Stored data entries
------------------------
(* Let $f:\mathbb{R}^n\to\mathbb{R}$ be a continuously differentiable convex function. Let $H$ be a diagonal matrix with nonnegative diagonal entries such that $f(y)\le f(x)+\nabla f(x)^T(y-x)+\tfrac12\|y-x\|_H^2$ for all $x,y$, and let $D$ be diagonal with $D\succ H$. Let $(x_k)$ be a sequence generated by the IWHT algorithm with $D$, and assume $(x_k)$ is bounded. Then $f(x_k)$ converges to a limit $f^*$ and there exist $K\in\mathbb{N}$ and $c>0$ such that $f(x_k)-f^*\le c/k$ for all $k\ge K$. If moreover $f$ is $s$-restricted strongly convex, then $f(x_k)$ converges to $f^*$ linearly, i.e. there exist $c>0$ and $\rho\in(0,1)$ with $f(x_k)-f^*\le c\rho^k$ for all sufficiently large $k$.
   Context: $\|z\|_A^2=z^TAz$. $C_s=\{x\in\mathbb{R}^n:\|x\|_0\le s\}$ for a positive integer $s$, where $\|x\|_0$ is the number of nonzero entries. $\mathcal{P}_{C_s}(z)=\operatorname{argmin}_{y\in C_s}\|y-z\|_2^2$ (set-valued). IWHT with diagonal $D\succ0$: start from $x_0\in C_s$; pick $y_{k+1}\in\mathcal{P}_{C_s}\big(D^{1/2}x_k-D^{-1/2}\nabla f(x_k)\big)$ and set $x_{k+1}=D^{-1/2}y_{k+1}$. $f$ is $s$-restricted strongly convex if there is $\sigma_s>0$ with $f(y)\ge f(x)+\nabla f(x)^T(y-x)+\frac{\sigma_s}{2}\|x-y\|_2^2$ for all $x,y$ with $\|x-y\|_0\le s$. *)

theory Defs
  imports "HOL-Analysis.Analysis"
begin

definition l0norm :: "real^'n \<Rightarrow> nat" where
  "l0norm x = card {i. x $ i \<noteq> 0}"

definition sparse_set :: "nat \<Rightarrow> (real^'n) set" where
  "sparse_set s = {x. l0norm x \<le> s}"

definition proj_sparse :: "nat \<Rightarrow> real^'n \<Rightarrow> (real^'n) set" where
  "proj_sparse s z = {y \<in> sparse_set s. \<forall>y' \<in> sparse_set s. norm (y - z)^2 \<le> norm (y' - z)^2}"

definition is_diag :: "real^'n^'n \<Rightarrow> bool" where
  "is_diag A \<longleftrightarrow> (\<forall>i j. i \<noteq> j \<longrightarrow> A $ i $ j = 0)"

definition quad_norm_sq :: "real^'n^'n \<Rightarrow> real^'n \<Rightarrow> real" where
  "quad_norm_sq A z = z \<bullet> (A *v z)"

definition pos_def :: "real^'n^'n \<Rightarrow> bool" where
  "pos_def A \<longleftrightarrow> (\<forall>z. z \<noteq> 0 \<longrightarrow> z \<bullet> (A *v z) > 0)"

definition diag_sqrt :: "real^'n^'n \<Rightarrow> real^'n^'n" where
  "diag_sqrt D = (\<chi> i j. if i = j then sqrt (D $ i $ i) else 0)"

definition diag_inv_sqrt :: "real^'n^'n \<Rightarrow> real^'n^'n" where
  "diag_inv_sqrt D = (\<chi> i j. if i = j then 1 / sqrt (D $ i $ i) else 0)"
------------------------
## Your objective
The entries above are to be transcribed in full and without error.

## Answer for this exercise
(* Let $f:\mathbb{R}^n\to\mathbb{R}$ be a continuously differentiable convex function. Let $H$ be a diagonal matrix with nonnegative diagonal entries such that $f(y)\le f(x)+\nabla f(x)^T(y-x)+\tfrac12\|y-x\|_H^2$ for all $x,y$, and let $D$ be diagonal with $D\succ H$. Let $(x_k)$ be a sequence generated by the IWHT algorithm with $D$, and assume $(x_k)$ is bounded. Then $f(x_k)$ converges to a limit $f^*$ and there exist $K\in\mathbb{N}$ and $c>0$ such that $f(x_k)-f^*\le c/k$ for all $k\ge K$. If moreover $f$ is $s$-restricted strongly convex, then $f(x_k)$ converges to $f^*$ linearly, i.e. there exist $c>0$ and $\rho\in(0,1)$ with $f(x_k)-f^*\le c\rho^k$ for all sufficiently large $k$.
   Context: $\|z\|_A^2=z^TAz$. $C_s=\{x\in\mathbb{R}^n:\|x\|_0\le s\}$ for a positive integer $s$, where $\|x\|_0$ is the number of nonzero entries. $\mathcal{P}_{C_s}(z)=\operatorname{argmin}_{y\in C_s}\|y-z\|_2^2$ (set-valued). IWHT with diagonal $D\succ0$: start from $x_0\in C_s$; pick $y_{k+1}\in\mathcal{P}_{C_s}\big(D^{1/2}x_k-D^{-1/2}\nabla f(x_k)\big)$ and set $x_{k+1}=D^{-1/2}y_{k+1}$. $f$ is $s$-restricted strongly convex if there is $\sigma_s>0$ with $f(y)\ge f(x)+\nabla f(x)^T(y-x)+\frac{\sigma_s}{2}\|x-y\|_2^2$ for all $x,y$ with $\|x-y\|_0\le s$. *)

theory Defs
  imports "HOL-Analysis.Analysis"
begin

definition l0norm :: "real^'n \<Rightarrow> nat" where
  "l0norm x = card {i. x $ i \<noteq> 0}"

definition sparse_set :: "nat \<Rightarrow> (real^'n) set" where
  "sparse_set s = {x. l0norm x \<le> s}"

definition proj_sparse :: "nat \<Rightarrow> real^'n \<Rightarrow> (real^'n) set" where
  "proj_sparse s z = {y \<in> sparse_set s. \<forall>y' \<in> sparse_set s. norm (y - z)^2 \<le> norm (y' - z)^2}"

definition is_diag :: "real^'n^'n \<Rightarrow> bool" where
  "is_diag A \<longleftrightarrow> (\<forall>i j. i \<noteq> j \<longrightarrow> A $ i $ j = 0)"

definition quad_norm_sq :: "real^'n^'n \<Rightarrow> real^'n \<Rightarrow> real" where
  "quad_norm_sq A z = z \<bullet> (A *v z)"

definition pos_def :: "real^'n^'n \<Rightarrow> bool" where
  "pos_def A \<longleftrightarrow> (\<forall>z. z \<noteq> 0 \<longrightarrow> z \<bullet> (A *v z) > 0)"

definition diag_sqrt :: "real^'n^'n \<Rightarrow> real^'n^'n" where
  "diag_sqrt D = (\<chi> i j. if i = j then sqrt (D $ i $ i) else 0)"

definition diag_inv_sqrt :: "real^'n^'n \<Rightarrow> real^'n^'n" where
  "diag_inv_sqrt D = (\<chi> i j. if i = j then 1 / sqrt (D $ i $ i) else 0)"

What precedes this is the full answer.